Stored items:

=====

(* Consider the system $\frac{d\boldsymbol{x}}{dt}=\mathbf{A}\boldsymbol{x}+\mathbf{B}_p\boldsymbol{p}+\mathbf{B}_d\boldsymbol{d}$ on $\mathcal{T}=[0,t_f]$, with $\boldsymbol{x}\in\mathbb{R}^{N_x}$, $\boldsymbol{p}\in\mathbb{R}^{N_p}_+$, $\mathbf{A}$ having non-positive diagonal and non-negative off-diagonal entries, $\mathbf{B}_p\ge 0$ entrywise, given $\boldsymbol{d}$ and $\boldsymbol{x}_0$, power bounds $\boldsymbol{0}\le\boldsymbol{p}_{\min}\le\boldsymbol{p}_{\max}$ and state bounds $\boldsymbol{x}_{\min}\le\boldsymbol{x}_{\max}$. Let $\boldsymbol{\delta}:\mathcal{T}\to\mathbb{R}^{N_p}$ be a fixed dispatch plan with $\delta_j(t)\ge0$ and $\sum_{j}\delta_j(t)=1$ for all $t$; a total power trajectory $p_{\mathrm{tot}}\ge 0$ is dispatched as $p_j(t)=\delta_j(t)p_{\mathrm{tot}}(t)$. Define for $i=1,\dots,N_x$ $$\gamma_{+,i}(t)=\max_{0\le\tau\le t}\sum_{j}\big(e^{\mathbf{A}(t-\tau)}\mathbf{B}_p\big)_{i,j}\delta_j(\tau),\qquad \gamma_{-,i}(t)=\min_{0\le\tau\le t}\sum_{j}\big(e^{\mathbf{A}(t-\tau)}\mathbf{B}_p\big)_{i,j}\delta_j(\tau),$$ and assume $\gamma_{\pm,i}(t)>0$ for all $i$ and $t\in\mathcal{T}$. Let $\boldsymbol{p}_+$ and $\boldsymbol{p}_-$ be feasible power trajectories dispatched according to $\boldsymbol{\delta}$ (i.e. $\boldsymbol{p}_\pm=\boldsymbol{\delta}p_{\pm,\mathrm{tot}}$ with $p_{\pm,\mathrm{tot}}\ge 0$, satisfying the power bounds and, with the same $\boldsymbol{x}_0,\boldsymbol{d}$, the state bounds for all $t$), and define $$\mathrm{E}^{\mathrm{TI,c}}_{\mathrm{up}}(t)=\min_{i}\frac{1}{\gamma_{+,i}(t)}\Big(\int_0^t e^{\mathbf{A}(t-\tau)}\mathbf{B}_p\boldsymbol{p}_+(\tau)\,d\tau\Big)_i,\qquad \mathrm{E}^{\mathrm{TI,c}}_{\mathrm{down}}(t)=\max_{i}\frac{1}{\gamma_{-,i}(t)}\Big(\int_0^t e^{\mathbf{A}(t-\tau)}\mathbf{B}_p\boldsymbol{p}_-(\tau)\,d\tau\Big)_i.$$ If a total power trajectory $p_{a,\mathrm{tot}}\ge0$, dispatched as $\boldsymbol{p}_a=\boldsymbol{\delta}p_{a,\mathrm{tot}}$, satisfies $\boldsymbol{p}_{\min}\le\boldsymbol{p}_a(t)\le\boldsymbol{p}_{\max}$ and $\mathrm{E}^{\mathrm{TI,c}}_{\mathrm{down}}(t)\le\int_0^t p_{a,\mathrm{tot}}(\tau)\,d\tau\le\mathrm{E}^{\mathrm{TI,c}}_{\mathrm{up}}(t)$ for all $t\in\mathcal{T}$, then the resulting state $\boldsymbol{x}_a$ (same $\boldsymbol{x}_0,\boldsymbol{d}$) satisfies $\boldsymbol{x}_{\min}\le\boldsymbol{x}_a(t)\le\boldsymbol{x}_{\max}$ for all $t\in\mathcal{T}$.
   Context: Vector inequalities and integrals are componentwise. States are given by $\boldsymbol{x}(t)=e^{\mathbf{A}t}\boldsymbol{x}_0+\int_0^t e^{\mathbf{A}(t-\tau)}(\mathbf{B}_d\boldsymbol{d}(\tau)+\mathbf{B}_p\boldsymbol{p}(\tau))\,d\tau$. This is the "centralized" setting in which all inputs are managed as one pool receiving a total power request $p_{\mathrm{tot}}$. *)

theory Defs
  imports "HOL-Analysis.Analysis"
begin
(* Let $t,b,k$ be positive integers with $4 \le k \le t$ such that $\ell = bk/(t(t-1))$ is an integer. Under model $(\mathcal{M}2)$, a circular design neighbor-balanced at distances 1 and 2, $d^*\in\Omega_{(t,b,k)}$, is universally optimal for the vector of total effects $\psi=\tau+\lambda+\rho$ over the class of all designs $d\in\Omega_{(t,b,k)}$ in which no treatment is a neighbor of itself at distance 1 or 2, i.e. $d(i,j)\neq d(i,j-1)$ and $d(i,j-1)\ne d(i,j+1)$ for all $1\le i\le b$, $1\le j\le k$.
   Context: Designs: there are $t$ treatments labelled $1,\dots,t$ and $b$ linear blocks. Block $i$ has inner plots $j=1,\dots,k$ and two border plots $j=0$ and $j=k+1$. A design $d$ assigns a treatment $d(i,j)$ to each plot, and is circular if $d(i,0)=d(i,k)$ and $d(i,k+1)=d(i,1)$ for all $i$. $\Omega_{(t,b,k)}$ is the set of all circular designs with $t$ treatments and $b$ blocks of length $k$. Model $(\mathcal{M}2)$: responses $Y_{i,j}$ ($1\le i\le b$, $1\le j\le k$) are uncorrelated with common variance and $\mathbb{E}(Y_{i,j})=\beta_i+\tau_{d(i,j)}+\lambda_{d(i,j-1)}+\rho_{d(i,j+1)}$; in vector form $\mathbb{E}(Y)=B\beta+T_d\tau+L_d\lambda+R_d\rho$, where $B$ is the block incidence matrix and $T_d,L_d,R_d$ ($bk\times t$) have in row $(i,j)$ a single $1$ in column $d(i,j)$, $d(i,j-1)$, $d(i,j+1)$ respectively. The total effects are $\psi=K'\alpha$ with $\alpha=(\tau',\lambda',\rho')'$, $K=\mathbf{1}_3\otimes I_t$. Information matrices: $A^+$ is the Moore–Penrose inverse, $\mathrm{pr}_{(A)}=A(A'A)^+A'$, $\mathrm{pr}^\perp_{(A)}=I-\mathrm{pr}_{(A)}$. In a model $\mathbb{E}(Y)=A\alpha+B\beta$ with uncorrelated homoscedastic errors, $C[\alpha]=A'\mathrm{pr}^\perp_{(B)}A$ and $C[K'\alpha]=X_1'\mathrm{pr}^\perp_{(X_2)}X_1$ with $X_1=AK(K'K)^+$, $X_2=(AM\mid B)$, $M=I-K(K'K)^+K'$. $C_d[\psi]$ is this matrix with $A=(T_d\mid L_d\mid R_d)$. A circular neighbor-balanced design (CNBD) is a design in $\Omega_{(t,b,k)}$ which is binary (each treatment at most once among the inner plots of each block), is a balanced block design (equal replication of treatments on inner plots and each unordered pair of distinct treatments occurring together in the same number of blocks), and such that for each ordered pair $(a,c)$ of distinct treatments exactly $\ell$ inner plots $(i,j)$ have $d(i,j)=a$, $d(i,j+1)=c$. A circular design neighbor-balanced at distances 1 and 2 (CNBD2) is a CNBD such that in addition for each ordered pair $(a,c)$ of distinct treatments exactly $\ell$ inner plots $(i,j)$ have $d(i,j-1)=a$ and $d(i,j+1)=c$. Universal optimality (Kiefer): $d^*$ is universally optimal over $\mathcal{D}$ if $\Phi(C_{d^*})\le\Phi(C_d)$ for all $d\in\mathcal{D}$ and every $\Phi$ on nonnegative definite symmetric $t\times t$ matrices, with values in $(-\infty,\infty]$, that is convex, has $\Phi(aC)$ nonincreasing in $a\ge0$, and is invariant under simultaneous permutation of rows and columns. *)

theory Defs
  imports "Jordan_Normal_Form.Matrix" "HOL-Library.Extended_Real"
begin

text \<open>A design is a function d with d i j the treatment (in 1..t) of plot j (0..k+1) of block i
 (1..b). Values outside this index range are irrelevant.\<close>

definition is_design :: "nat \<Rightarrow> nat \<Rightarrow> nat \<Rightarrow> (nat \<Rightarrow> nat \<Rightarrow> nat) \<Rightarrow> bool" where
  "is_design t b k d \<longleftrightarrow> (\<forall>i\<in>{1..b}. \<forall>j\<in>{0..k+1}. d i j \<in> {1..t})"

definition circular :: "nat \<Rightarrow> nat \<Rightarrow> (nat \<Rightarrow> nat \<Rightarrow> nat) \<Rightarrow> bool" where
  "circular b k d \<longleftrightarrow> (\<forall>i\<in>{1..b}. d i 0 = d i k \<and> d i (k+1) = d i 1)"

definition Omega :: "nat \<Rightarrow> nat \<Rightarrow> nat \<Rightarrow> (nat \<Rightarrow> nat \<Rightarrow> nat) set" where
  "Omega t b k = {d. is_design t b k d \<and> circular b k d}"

=====

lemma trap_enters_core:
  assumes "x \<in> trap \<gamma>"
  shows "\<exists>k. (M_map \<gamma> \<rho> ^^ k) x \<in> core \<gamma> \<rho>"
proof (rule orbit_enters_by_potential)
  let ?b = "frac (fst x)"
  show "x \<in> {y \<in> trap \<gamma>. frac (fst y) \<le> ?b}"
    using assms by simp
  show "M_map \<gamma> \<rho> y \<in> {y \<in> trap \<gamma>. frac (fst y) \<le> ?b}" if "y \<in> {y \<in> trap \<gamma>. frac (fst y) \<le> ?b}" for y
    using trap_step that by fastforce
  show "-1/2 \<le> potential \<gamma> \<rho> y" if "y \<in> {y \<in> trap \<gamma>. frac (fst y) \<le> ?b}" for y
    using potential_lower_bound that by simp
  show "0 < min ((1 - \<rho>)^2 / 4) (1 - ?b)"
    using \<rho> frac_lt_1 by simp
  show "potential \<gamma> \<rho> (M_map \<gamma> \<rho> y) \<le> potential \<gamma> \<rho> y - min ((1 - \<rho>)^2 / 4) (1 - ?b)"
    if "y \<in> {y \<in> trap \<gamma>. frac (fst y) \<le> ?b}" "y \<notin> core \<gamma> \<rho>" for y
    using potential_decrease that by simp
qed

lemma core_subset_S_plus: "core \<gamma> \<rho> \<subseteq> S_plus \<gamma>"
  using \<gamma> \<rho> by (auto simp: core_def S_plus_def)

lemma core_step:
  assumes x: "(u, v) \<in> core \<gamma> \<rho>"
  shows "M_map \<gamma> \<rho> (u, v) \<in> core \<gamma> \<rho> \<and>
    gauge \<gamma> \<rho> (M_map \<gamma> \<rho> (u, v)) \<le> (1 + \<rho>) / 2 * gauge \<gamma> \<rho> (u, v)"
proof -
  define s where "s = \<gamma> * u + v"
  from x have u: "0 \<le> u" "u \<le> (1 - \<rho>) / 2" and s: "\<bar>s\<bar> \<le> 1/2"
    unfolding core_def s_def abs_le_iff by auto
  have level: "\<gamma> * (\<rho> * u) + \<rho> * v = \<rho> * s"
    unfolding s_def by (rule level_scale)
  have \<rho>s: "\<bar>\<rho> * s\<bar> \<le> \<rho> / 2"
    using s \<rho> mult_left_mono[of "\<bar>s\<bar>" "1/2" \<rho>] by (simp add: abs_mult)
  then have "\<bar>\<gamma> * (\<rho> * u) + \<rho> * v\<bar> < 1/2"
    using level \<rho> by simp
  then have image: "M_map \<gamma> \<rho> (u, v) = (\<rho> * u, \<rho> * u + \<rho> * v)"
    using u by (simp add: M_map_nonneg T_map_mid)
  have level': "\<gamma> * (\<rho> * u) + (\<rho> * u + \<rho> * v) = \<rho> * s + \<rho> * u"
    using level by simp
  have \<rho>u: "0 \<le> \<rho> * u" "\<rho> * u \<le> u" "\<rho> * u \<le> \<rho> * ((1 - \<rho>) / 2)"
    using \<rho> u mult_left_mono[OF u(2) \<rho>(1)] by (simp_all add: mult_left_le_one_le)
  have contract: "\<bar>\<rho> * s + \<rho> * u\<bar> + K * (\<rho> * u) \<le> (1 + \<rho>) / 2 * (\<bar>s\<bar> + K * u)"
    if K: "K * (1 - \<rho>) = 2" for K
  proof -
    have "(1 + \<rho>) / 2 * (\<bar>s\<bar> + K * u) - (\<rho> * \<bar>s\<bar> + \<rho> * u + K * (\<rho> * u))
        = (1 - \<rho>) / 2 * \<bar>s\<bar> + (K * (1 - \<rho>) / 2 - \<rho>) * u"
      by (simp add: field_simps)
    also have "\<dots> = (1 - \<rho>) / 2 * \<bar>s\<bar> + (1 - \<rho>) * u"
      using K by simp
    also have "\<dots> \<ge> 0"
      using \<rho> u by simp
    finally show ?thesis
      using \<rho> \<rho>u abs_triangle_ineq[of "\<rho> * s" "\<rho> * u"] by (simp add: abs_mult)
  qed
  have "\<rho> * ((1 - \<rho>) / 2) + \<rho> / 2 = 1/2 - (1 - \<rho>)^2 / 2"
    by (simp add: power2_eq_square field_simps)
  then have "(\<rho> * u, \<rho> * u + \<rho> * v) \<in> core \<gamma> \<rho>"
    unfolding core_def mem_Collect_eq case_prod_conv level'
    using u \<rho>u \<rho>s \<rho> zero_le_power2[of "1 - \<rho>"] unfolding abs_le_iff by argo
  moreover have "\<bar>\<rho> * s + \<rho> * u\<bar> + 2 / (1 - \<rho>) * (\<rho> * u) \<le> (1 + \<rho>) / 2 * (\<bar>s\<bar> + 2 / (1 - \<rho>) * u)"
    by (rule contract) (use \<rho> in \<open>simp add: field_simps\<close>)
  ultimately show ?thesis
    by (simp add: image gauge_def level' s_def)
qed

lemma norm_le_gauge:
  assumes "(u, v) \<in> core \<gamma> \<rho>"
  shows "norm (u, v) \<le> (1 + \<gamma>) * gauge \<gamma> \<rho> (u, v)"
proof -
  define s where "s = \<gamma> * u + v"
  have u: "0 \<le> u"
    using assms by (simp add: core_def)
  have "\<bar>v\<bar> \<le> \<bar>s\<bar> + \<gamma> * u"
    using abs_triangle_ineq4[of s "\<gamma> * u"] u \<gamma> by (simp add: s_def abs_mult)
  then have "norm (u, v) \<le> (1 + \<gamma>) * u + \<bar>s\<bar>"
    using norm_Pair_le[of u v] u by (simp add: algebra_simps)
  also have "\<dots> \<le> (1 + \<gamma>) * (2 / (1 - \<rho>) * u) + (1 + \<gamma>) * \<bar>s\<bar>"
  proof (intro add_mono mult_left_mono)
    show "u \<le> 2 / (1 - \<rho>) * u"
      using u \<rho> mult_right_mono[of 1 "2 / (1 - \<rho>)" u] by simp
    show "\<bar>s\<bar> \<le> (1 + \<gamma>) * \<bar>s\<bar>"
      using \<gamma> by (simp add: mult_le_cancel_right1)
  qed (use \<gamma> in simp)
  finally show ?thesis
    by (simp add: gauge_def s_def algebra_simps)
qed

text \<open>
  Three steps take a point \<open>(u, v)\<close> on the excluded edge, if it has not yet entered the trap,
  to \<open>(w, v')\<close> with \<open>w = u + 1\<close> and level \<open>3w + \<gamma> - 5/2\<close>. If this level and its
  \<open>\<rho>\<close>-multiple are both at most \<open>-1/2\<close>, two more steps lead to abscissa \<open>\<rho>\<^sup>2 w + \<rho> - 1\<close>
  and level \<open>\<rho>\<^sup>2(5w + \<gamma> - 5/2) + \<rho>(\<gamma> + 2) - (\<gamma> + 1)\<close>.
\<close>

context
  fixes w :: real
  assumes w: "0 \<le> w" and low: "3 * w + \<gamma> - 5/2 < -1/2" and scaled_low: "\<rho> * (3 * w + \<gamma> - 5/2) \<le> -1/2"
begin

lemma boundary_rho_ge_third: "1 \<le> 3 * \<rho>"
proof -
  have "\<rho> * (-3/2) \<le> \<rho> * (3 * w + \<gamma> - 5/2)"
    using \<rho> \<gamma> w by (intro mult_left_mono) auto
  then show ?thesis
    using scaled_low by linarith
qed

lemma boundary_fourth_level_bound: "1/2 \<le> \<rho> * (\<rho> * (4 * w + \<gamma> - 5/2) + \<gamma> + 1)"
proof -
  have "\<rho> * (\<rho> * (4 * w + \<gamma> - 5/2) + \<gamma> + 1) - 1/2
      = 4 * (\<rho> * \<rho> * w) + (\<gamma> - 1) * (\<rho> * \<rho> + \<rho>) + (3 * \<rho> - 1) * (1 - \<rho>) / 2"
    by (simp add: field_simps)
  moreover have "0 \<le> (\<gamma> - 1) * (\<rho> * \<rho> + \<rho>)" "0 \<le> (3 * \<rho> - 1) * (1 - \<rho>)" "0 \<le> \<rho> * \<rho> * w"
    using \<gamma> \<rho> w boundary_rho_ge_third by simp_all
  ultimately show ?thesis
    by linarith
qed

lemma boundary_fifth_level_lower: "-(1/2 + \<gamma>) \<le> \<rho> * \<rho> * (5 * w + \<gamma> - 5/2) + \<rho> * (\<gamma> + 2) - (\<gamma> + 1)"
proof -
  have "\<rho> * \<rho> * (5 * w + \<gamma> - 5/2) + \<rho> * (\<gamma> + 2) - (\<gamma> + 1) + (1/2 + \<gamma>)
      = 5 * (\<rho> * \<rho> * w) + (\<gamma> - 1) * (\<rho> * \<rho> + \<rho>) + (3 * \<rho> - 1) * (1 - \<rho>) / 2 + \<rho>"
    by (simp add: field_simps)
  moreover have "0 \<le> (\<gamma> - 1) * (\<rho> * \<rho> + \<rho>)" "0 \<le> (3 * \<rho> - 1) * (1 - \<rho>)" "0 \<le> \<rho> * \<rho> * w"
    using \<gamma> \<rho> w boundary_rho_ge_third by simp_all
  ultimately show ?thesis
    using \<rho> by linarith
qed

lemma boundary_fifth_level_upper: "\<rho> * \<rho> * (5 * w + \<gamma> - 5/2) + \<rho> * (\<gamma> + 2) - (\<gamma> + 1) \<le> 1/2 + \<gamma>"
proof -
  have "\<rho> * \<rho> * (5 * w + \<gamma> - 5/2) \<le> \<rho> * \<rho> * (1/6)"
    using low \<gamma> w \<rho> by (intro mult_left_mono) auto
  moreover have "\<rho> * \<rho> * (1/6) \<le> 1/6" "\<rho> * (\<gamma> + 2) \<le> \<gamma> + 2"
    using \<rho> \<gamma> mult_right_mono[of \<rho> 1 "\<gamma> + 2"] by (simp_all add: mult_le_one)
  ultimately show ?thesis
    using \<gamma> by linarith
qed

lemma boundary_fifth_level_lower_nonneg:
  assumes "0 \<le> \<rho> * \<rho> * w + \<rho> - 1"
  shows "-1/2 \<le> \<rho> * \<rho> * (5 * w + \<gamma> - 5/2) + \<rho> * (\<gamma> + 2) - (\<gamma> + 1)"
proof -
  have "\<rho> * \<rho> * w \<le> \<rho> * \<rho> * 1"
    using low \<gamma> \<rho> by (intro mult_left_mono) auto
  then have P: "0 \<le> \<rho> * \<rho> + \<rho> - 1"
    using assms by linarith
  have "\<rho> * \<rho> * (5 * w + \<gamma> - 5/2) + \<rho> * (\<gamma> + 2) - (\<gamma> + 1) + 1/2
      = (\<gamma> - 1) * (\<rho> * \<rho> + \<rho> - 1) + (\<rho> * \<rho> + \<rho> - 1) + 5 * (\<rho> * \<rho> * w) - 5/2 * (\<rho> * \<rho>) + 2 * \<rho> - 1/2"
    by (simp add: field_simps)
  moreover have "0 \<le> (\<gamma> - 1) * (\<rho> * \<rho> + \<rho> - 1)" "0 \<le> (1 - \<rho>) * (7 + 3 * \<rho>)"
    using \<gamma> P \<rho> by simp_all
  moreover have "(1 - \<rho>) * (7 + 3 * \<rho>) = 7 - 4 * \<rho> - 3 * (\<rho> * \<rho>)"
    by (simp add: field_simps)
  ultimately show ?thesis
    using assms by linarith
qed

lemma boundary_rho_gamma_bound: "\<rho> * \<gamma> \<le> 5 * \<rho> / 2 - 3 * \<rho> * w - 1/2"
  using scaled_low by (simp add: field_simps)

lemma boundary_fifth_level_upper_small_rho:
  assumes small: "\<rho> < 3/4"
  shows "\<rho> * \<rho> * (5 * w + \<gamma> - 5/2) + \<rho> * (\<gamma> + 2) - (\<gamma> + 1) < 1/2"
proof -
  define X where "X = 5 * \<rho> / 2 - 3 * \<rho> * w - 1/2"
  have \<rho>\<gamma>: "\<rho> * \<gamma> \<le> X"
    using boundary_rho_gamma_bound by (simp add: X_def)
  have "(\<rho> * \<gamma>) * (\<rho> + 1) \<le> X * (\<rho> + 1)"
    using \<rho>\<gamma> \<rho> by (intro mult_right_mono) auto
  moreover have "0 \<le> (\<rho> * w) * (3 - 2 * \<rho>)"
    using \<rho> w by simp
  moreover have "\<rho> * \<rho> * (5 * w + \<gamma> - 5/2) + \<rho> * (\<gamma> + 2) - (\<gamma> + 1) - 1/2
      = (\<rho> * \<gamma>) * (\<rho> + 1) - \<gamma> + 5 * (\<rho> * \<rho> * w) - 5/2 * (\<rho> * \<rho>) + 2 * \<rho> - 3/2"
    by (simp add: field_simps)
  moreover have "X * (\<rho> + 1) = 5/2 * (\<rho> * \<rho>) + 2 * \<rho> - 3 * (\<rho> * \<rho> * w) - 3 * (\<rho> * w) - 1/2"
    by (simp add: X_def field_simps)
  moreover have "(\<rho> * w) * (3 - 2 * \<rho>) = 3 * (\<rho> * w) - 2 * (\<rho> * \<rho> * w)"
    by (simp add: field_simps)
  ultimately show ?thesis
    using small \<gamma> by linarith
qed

=====

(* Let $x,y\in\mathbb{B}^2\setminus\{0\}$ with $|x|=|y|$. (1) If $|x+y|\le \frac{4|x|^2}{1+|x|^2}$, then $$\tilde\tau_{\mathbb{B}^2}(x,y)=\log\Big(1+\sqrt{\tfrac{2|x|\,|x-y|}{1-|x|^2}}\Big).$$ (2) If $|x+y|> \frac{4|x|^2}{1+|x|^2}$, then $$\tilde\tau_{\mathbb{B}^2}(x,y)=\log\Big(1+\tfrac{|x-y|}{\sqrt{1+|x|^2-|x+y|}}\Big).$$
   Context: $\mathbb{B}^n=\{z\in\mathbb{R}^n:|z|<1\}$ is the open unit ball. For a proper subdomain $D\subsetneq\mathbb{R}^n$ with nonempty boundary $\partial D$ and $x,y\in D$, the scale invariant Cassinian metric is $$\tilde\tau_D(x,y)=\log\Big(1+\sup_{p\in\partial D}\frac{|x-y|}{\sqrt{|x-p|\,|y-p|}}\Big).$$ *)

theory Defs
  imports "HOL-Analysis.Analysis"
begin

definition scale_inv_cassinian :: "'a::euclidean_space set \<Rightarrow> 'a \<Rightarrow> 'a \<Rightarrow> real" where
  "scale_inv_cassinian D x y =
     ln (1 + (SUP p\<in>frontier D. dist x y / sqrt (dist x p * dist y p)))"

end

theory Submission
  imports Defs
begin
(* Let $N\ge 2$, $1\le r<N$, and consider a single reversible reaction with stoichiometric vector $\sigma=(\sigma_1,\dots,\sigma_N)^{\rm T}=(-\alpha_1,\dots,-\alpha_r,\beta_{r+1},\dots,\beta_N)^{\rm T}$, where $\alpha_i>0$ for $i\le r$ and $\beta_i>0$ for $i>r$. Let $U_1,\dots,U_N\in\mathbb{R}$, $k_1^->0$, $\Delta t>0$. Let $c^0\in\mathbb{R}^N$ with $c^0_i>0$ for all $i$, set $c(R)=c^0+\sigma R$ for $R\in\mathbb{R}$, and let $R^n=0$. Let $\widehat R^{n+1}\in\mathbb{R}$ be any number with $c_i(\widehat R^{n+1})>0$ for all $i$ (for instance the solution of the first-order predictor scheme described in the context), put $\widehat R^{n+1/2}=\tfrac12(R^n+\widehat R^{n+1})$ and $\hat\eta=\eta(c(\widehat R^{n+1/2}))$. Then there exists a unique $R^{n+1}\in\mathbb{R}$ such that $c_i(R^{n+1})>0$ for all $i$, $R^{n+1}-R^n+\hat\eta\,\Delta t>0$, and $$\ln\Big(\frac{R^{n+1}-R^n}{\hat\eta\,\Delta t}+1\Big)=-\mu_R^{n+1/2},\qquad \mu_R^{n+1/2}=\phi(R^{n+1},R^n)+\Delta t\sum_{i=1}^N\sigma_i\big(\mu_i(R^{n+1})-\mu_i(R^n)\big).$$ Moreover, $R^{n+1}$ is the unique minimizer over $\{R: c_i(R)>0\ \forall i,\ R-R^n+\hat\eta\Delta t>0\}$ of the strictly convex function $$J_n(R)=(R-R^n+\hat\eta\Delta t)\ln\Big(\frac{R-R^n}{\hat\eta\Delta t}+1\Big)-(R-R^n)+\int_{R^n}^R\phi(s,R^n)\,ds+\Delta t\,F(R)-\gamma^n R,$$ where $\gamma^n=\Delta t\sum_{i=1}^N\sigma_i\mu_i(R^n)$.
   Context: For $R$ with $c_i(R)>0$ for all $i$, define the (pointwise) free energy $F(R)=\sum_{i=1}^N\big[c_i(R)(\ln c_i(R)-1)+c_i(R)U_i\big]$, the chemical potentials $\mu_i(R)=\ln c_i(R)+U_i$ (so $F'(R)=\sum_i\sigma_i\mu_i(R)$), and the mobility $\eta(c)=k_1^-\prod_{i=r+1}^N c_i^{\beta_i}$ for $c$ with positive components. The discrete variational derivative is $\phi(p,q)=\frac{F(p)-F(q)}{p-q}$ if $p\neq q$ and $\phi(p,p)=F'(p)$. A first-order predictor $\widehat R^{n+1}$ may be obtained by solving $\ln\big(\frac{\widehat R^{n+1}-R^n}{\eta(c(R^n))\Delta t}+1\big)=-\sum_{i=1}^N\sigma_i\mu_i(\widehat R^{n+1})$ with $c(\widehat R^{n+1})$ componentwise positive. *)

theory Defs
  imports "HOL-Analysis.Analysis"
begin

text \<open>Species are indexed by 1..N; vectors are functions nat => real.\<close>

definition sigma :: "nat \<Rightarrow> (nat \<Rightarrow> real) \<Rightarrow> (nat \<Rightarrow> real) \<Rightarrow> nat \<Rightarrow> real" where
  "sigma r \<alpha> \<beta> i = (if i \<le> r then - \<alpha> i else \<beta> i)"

=====

* **TASK INSTRUCTIONS**
Say how many lines of the data above have the string "componentwise" in them, and write nothing besides that number.

* **EXPECTED ANSWER**
2